During the 2015 "Secret Wars" storyline, Danvers headlined her own tie-in series, Captain Marvel and the Carol Corps co-written by DeConnick and Kelly Thompson and drawn by López. In the series, Danvers leads an elite squadron of female fighter pilots stationed at an airbase, Hala Field, where she is the only superpowered being; this leads the corps to help Danvers answer questions about her origin, which puts her in conflict with the controlling forces of Battleworld. During the storyline, Danvers becomes a member of A-Force, Battleworld's all-female team of Avengers. The series, written by G. Willow Wilson, continued into Marvel's "All-New, All-Different Marvel" relaunch campaign that followed "Secret Wars", with Danvers in a key role.
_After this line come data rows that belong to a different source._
(* Let $P=\bigcup_{k=1}^{\infty}\{2^{2k-1},2^{2k-1}+1,\dots,2^{2k}-1\}$ and let $\Sigma_P=\{x\in\{0,1\}^{\mathbb{Z}_+}: x_i=x_j=1\Rightarrow |i-j|\in P\cup\{0\}\}$ with the shift $\sigma_P:\Sigma_P\to\Sigma_P$, $(\sigma_P x)_i=x_{i+1}$. Then $(\Sigma_P,\sigma_P)$ is $(2,3)$-transitive but not $(1,2)$-transitive, i.e. $(\Sigma_P\times\Sigma_P,\sigma_P^2\times\sigma_P^3)$ is transitive while $(\Sigma_P\times\Sigma_P,\sigma_P\times\sigma_P^2)$ is not.
   Context: $\mathbb{Z}_+=\{0,1,2,\dots\}$; $\{0,1\}^{\mathbb{Z}_+}$ carries the product topology. A dynamical system $(Y,g)$ ($Y$ compact metric, $g$ continuous) is transitive if for all non-empty open $U,V\subset Y$ there is $n\in\mathbb{N}$ with $U\cap g^{-n}(V)\ne\emptyset$. For $\mathbf{a}=(a_1,\dots,a_r)\in\mathbb{N}^r$, $(X,f)$ is $\mathbf{a}$-transitive if $(X^r,f^{a_1}\times\dots\times f^{a_r})$ is transitive. *)

theory Defs
  imports "HOL-Analysis.Analysis"
begin

definition transitive_sys :: "'a topology \<Rightarrow> ('a \<Rightarrow> 'a) \<Rightarrow> bool" where
  "transitive_sys T g \<longleftrightarrow>
     (\<forall>U V. openin T U \<and> openin T V \<and> U \<noteq> {} \<and> V \<noteq> {} \<longrightarrow>
        (\<exists>n::nat. n \<ge> 1 \<and> U \<inter> {y \<in> topspace T. (g ^^ n) y \<in> V} \<noteq> {}))"

definition Pset :: "nat set" where
  "Pset = (\<Union>k\<in>{1..}. {2^(2*k-1) .. 2^(2*k) - 1})"

definition cantor_top :: "(nat \<Rightarrow> nat) topology" where
  "cantor_top = product_topology (\<lambda>_. discrete_topology {0,1}) UNIV"

definition SigmaP :: "(nat \<Rightarrow> nat) set" where
  "SigmaP = {x. (\<forall>i. x i \<in> {0,1}) \<and>
      (\<forall>i j. x i = 1 \<and> x j = 1 \<longrightarrow> (max i j - min i j) \<in> Pset \<union> {0})}"

definition SigmaP_top :: "(nat \<Rightarrow> nat) topology" where
  "SigmaP_top = subtopology cantor_top SigmaP"

definition shift :: "(nat \<Rightarrow> nat) \<Rightarrow> (nat \<Rightarrow> nat)" where
  "shift x = (\<lambda>i. x (Suc i))"

end

theory Submission
  imports Defs
begin

text \<open>
  No \<open>n\<close> has both \<open>n\<close> and \<open>2n\<close> in \<open>P\<close>,
  so no point of the cylinder \<open>[1]\<close> can be brought back into \<open>[1]\<close> by \<open>\<sigma>\<^sup>n\<close> and by \<open>\<sigma>\<^sup>2\<^sup>n\<close> at
  once; this kills \<open>(1,2)\<close>-transitivity. For \<open>(2,3)\<close>-transitivity, given prefixes of length
  \<open>L\<close> to be joined, take \<open>N = 4\<^sup>L\<close> and \<open>n = 5N\<close>: the target blocks are spliced in at positions
  \<open>2n = 10N\<close> and \<open>3n = 15N\<close>, and every gap created lies in the single block
  \<open>[8N, 16N) \<subseteq> P\<close>.
\<close>

lemma funpow_shift: "(shift ^^ k) x = (\<lambda>i. x (i + k))"
  by (induction k arbitrary: x) (auto simp: shift_def)

lemma funpow_split_prod:
  fixes f :: "'a \<Rightarrow> 'a" and h :: "'b \<Rightarrow> 'b"
  shows "((\<lambda>(x, y). (f x, h y)) ^^ n) = (\<lambda>(x, y). ((f ^^ n) x, (h ^^ n) y))"
  by (induction n) (auto simp: fun_eq_iff)

lemma mem_Pset_iff: "d \<in> Pset \<longleftrightarrow> (\<exists>j. 2 * 4^j \<le> d \<and> d < 4 * (4::nat)^j)"
proof -
  have "{1..} = range Suc"
    by (auto simp: Suc_le_eq gr0_conv_Suc)
  then have Pset_eq: "Pset = (\<Union>j. {2^(2*Suc j-1) .. 2^(2*Suc j) - 1})"
    unfolding Pset_def by simp
  have block: "d \<in> {2^(2*Suc j-1) .. 2^(2*Suc j) - 1} \<longleftrightarrow> 2 * 4^j \<le> d \<and> d < 4 * (4::nat)^j"
    for j
  proof -
    have "2^(2*Suc j-1) = 2 * (4::nat)^j" "2^(2*Suc j) = 4 * (4::nat)^j"
      by (simp_all add: power_mult)
    moreover have "(0::nat) < 4^j" by simp
    ultimately show ?thesis unfolding atLeastAtMost_iff by arith
  qed
  show ?thesis by (simp only: Pset_eq UN_iff bex_UNIV block)
qed

lemma mem_Pset_if_bounds:
  assumes "8 * 4^j \<le> d" "d < 16 * (4::nat)^j"
  shows "d \<in> Pset"
  using assms unfolding mem_Pset_iff by (intro exI[of _ "Suc j"]) simp

lemma Pset_not_double: "n \<in> Pset \<Longrightarrow> 2 * n \<notin> Pset"
proof
  assume "n \<in> Pset" "2 * n \<in> Pset"
  then obtain k j :: nat where k: "2 * 4^k \<le> n" "n < 4 * 4^k" and j: "4^j \<le> n" "n < 2 * 4^j"
    unfolding mem_Pset_iff by auto
  show False
  proof (cases "j \<le> k")
    case True
    then have "(4::nat)^j \<le> 4^k" by (intro power_increasing) auto
    with k j show False by linarith
  next
    case False
    then have "(4::nat)^Suc k \<le> 4^j" by (intro power_increasing) auto
    with k j show False by simp
  qed
qed

lemma mem_SigmaP_iff: "x \<in> SigmaP \<longleftrightarrow> (\<forall>i. x i \<in> {0,1}) \<and>
   (\<forall>i j. i < j \<and> x i = 1 \<and> x j = 1 \<longrightarrow> j - i \<in> Pset)"
proof -
  have gap: "max i j - min i j \<in> Pset \<union> {0} \<longleftrightarrow>
      (i < j \<longrightarrow> j - i \<in> Pset) \<and> (j < i \<longrightarrow> i - j \<in> Pset)" for i j :: nat
    by (cases i j rule: linorder_cases) auto
  have "(\<forall>i j. x i = 1 \<and> x j = 1 \<longrightarrow> (i < j \<longrightarrow> j - i \<in> Pset) \<and> (j < i \<longrightarrow> i - j \<in> Pset))
    \<longleftrightarrow> (\<forall>i j. i < j \<and> x i = 1 \<and> x j = 1 \<longrightarrow> j - i \<in> Pset)"
    by meson
  then show ?thesis
    unfolding SigmaP_def mem_Collect_eq gap by simp
qed

lemma SigmaP_gap: "x \<in> SigmaP \<Longrightarrow> i < j \<Longrightarrow> x i = 1 \<Longrightarrow> x j = 1 \<Longrightarrow> j - i \<in> Pset"
  by (simp add: mem_SigmaP_iff)

lemma funpow_shift_in_SigmaP: "x \<in> SigmaP \<Longrightarrow> (shift ^^ k) x \<in> SigmaP"
  unfolding mem_SigmaP_iff funpow_shift
  by (metis add_diff_cancel_right add_less_cancel_right)

lemma topspace_SigmaP_top [simp]: "topspace SigmaP_top = SigmaP"
  unfolding SigmaP_top_def cantor_top_def SigmaP_def
  by (auto simp: PiE_UNIV_domain Pi_def)

lemma openin_product_discrete_prefix:
  assumes "openin (product_topology (\<lambda>_::nat. discrete_topology A) UNIV) T" "z \<in> T"
  shows "\<exists>L. \<forall>x\<in>topspace (product_topology (\<lambda>_. discrete_topology A) UNIV).
           (\<forall>i<L. x i = z i) \<longrightarrow> x \<in> T"
proof -
  obtain U where U: "finite {i. U i \<noteq> A}" "z \<in> Pi\<^sub>E UNIV U" "Pi\<^sub>E UNIV U \<subseteq> T"
    using assms unfolding openin_product_topology_alt by auto
  then obtain L where L: "\<And>i. U i \<noteq> A \<Longrightarrow> i < L"
    unfolding finite_nat_set_iff_bounded by blast
  have "x \<in> T" if "\<forall>i. x i \<in> A" "\<forall>i<L. x i = z i" for x
  proof -
    have "x i \<in> U i" for i
      using that U(2) L[of i] by (cases "i < L") auto
    then show ?thesis using U(3) by (auto simp: PiE_iff)
  qed
  then show ?thesis by (intro exI[of _ L]) (auto simp: PiE_iff)
qed
(* Let $k > d \geq 1$ be integers. There is a function $f = f_{k,d} : \mathbb{N} \to \mathbb{R}$ with $f(N) \to 0$ as $N \to \infty$ such that for every even positive integer $n$, setting $N = (k-1)n - k + 2$, there exists an $N$-vertex $k$-graph $H$ with $\delta_d(H) \geq (1/2 - f(N)) \binom{N-d}{k-d}$ that does not contain the $k$-expansion of any $n$-vertex tree all of whose vertex degrees are odd.
   Context: A $k$-graph is a $k$-uniform hypergraph. For a $k$-graph $H$ and $S \subseteq V(H)$, $\deg_H(S)$ is the number of edges containing $S$, and $\delta_d(H)$ is the minimum of $\deg_H(S)$ over all $d$-subsets $S \subseteq V(H)$. The $k$-expansion $T^{(k)}$ of a graph $T$ is the $k$-graph obtained by replacing each edge $uv$ of $T$ by a $k$-edge consisting of $u$, $v$ and $k-2$ new vertices that belong to no other edge. "Contain" means as a (not necessarily induced) subgraph. *)

theory Defs
  imports Complex_Main
begin

definition kgraph :: "nat \<Rightarrow> 'a set \<Rightarrow> 'a set set \<Rightarrow> bool" where
  "kgraph k V E \<longleftrightarrow> finite V \<and> (\<forall>e\<in>E. e \<subseteq> V \<and> card e = k)"

definition hdeg :: "'a set set \<Rightarrow> 'a set \<Rightarrow> nat" where
  "hdeg E S = card {e\<in>E. S \<subseteq> e}"

definition min_deg :: "nat \<Rightarrow> 'a set \<Rightarrow> 'a set set \<Rightarrow> nat" where
  "min_deg d V E = Min {hdeg E S | S. S \<subseteq> V \<and> card S = d}"

definition simple_graph :: "nat \<Rightarrow> nat set set \<Rightarrow> bool" where
  "simple_graph n T \<longleftrightarrow> (\<forall>e\<in>T. \<exists>u v. e = {u, v} \<and> u \<noteq> v \<and> u < n \<and> v < n)"

definition adj :: "nat set set \<Rightarrow> nat \<Rightarrow> nat \<Rightarrow> bool" where
  "adj T u v \<longleftrightarrow> {u, v} \<in> T \<and> u \<noteq> v"

definition connected_graph :: "nat \<Rightarrow> nat set set \<Rightarrow> bool" where
  "connected_graph n T \<longleftrightarrow> (\<forall>u<n. \<forall>v<n. (u, v) \<in> {(x, y). adj T x y}\<^sup>*)"

definition is_cycle :: "nat set set \<Rightarrow> nat list \<Rightarrow> bool" where
  "is_cycle T vs \<longleftrightarrow> length vs \<ge> 3 \<and> distinct vs \<and>
     (\<forall>i. Suc i < length vs \<longrightarrow> adj T (vs ! i) (vs ! Suc i)) \<and>
     adj T (last vs) (hd vs)"

definition is_tree :: "nat \<Rightarrow> nat set set \<Rightarrow> bool" where
  "is_tree n T \<longleftrightarrow> simple_graph n T \<and> connected_graph n T \<and> (\<nexists>vs. is_cycle T vs)"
Continuing with the All-New, All-Different Marvel initiative, Danvers starred in the ninth volume of Captain Marvel, written by Agent Carter showrunners Tara Butters and Michele Fazekas, with artwork by Kris Anka, which debuted in October 2015. The series, set eight months after "Secret Wars", sees Danvers taking over the responsibilities of S.W.O.R.D., a military agency that was previously designated to protect Earth from intergalactic threats. Editor Sana Amanat said, "This is really meant to be the next level for Captain Marvel. Carol is really meant to be a soldier and a commander, and also a diplomat. We're really trying to build up this space complex and this space world." At this time, Danvers also joined The Ultimates. Series writer Al Ewing said, "Carol's currently running Alpha Flight, which is Earth's premier space agency. [She has] seen the highs and the lows of the superhero business, and come out the other side. Right now, Carol's in the ascendant, culturally, both in-universe and outside it... Carol's story in The Ultimates is very much about her links with the ordinary super-hero world, and about trying to form a bridge between that world and the world of The Ultimates."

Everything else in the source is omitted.